• [PROBLEM TO WORK ON]: Where in the entries below does "False" appear? Copy every line that has it.

Stored data entries:
#####
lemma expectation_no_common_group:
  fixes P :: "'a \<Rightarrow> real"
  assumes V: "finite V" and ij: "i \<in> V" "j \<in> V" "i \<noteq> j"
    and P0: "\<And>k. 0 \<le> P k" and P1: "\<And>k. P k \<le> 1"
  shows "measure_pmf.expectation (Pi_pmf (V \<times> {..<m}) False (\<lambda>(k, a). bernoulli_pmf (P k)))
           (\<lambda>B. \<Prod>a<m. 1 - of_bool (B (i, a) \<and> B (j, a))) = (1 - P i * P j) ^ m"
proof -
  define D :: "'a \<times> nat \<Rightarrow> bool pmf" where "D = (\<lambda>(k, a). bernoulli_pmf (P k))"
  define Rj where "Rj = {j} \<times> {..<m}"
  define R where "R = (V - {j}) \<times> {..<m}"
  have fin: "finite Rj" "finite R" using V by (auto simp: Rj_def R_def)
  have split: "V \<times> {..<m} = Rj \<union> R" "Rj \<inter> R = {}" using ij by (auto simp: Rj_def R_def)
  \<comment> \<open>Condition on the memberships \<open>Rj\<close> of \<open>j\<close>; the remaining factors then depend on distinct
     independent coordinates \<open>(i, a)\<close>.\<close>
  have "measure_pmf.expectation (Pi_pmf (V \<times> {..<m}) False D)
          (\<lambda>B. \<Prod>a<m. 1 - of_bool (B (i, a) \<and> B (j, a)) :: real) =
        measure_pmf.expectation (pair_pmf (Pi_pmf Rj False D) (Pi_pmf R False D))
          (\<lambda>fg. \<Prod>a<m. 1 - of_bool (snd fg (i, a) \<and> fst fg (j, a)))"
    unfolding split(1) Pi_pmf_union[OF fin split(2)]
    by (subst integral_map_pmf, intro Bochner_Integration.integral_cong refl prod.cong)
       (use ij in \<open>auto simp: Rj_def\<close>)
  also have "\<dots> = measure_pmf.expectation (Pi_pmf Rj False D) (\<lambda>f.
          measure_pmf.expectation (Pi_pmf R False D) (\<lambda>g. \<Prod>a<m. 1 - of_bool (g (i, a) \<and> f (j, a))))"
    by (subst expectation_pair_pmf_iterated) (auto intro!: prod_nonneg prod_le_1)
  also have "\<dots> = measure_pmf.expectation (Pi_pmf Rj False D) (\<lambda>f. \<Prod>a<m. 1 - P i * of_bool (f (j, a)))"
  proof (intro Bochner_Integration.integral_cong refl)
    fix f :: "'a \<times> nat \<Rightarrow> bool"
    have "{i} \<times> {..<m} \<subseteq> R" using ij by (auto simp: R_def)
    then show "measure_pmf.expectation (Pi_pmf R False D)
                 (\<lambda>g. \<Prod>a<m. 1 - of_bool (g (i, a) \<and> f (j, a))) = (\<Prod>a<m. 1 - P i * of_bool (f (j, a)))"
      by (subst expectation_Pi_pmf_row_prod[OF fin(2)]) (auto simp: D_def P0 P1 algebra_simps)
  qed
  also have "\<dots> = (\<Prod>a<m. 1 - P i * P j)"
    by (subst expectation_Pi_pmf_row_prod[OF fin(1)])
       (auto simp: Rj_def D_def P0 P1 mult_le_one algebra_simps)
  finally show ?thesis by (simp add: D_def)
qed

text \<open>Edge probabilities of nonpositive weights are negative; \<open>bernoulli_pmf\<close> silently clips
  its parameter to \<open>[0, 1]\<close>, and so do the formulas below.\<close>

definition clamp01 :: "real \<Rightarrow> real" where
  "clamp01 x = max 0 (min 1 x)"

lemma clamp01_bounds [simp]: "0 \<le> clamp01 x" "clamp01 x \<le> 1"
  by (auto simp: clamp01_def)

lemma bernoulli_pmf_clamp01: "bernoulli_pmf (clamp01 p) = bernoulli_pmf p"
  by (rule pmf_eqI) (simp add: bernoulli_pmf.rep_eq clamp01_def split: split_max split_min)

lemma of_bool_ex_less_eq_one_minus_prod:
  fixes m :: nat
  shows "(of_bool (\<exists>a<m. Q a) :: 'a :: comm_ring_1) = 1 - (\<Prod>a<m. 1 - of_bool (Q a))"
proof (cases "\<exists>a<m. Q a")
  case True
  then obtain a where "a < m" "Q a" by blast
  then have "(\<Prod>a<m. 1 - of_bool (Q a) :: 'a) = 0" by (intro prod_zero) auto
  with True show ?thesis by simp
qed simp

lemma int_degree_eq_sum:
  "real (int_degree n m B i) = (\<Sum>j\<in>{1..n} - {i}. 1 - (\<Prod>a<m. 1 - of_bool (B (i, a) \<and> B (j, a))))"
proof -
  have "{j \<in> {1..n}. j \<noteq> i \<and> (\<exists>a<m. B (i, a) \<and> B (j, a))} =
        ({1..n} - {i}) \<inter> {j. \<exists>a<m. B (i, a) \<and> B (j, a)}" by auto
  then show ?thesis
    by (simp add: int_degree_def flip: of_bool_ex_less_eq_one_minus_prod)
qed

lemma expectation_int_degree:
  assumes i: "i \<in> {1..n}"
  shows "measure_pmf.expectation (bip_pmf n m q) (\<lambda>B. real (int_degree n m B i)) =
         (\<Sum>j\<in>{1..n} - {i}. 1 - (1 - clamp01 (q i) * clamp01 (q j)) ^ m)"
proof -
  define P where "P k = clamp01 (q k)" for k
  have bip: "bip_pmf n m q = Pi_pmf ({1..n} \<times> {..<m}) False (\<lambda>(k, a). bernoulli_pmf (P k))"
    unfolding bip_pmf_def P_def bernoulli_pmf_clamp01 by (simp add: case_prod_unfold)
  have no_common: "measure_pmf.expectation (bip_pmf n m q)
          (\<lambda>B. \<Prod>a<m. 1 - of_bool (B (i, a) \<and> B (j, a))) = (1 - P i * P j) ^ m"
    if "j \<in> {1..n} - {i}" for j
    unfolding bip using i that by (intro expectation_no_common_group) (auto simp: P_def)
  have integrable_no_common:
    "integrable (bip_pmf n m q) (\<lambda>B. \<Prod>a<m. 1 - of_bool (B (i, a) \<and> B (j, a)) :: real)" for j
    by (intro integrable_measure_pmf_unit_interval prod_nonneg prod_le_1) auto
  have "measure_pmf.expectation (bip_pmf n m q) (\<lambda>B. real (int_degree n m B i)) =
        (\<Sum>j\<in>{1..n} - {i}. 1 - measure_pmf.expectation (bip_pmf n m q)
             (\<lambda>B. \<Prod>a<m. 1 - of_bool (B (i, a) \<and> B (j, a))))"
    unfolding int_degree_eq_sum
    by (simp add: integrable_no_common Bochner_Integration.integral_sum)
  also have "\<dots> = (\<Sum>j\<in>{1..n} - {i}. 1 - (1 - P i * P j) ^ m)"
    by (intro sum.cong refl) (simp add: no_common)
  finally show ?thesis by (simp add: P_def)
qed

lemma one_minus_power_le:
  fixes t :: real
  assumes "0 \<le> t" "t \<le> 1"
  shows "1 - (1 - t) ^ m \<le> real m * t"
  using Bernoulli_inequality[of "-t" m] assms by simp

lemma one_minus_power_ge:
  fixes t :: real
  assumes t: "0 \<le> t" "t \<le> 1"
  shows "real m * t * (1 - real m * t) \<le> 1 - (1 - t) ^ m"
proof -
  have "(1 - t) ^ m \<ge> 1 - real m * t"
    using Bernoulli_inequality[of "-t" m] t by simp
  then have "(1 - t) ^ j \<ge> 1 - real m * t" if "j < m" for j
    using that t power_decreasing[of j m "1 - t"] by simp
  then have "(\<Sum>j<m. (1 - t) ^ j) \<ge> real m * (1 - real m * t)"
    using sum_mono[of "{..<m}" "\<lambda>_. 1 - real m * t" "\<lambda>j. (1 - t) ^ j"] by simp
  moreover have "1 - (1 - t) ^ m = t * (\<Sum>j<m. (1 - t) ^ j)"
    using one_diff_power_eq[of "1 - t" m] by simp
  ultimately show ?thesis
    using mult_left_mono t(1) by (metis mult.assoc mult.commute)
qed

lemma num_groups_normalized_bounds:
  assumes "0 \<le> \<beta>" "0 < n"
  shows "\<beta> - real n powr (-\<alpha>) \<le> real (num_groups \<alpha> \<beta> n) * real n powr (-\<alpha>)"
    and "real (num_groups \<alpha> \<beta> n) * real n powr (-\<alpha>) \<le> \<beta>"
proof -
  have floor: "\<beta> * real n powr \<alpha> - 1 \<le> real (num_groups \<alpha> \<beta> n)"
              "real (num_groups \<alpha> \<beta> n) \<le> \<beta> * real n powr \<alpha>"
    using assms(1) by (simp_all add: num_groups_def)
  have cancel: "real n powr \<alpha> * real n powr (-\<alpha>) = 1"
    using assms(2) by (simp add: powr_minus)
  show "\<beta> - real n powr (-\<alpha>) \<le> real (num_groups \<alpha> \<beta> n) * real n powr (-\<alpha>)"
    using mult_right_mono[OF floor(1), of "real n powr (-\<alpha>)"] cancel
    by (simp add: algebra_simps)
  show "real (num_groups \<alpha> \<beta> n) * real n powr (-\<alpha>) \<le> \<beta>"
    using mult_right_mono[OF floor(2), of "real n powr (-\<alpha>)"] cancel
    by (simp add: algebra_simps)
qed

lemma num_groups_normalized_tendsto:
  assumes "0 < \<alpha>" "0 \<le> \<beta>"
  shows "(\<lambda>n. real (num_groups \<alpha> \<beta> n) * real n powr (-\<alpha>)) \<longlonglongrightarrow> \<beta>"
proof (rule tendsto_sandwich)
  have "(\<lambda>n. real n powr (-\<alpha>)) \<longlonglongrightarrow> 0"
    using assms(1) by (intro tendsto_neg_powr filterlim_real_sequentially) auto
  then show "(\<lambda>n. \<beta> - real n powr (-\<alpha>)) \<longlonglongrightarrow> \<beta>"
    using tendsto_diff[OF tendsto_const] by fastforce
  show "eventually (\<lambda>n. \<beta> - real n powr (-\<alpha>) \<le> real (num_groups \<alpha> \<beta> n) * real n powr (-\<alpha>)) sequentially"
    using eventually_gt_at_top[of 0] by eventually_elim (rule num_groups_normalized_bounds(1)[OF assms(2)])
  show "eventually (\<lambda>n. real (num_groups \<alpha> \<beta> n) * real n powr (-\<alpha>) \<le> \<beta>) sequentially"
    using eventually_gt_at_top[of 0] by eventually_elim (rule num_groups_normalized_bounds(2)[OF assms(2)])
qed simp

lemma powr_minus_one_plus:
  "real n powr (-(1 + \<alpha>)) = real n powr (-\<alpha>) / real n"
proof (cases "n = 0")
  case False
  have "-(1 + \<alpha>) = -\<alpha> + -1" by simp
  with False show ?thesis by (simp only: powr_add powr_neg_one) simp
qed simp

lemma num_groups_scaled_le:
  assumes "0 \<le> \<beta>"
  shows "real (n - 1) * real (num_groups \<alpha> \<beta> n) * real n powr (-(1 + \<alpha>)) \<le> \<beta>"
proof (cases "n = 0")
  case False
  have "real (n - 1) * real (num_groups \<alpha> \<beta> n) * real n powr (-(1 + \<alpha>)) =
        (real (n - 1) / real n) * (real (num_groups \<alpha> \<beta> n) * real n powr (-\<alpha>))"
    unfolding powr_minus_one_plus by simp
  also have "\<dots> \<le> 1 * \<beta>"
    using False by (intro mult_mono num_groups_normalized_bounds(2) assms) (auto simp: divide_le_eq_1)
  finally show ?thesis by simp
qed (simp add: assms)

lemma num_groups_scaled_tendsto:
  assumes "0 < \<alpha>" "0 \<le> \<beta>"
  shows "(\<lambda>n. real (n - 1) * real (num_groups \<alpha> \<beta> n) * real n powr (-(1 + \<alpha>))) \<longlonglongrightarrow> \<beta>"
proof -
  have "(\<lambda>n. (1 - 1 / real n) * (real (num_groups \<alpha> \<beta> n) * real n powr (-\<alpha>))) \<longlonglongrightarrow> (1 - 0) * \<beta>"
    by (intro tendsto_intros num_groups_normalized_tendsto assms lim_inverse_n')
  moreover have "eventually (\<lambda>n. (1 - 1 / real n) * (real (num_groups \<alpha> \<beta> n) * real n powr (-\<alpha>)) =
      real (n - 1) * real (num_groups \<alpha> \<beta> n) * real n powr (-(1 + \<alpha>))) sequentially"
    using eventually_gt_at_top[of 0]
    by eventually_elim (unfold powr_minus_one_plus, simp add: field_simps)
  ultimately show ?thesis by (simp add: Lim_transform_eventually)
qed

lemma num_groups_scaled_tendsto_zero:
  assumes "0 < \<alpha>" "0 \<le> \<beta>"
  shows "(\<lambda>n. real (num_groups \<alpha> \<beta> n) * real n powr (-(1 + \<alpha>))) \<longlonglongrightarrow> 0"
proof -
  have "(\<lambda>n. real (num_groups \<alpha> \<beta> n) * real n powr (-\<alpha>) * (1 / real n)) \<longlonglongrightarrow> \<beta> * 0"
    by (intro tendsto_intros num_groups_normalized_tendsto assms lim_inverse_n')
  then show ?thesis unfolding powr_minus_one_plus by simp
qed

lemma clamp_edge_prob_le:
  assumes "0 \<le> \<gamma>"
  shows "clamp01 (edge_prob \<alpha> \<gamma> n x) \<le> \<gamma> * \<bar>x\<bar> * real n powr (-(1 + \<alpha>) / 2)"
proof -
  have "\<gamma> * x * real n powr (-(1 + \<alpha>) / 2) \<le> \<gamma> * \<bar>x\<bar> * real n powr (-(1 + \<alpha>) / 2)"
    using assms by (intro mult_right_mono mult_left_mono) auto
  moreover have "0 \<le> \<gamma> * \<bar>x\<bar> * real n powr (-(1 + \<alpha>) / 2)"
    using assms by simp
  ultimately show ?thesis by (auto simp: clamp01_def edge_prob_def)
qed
#####
• [ANSWER SECTION]:
  shows "measure_pmf.expectation (Pi_pmf (V \<times> {..<m}) False (\<lambda>(k, a). bernoulli_pmf (P k)))
  have "measure_pmf.expectation (Pi_pmf (V \<times> {..<m}) False D)
        measure_pmf.expectation (pair_pmf (Pi_pmf Rj False D) (Pi_pmf R False D))
  also have "\<dots> = measure_pmf.expectation (Pi_pmf Rj False D) (\<lambda>f.
          measure_pmf.expectation (Pi_pmf R False D) (\<lambda>g. \<Prod>a<m. 1 - of_bool (g (i, a) \<and> f (j, a))))"
  also have "\<dots> = measure_pmf.expectation (Pi_pmf Rj False D) (\<lambda>f. \<Prod>a<m. 1 - P i * of_bool (f (j, a)))"
    then show "measure_pmf.expectation (Pi_pmf R False D)
  have bip: "bip_pmf n m q = Pi_pmf ({1..n} \<times> {..<m}) False (\<lambda>(k, a). bernoulli_pmf (P k))"
  case False
  with False show ?thesis by (simp only: powr_add powr_neg_one) simp
  case False
    using False by (intro mult_mono num_groups_normalized_bounds(2) assms) (auto simp: divide_le_eq_1)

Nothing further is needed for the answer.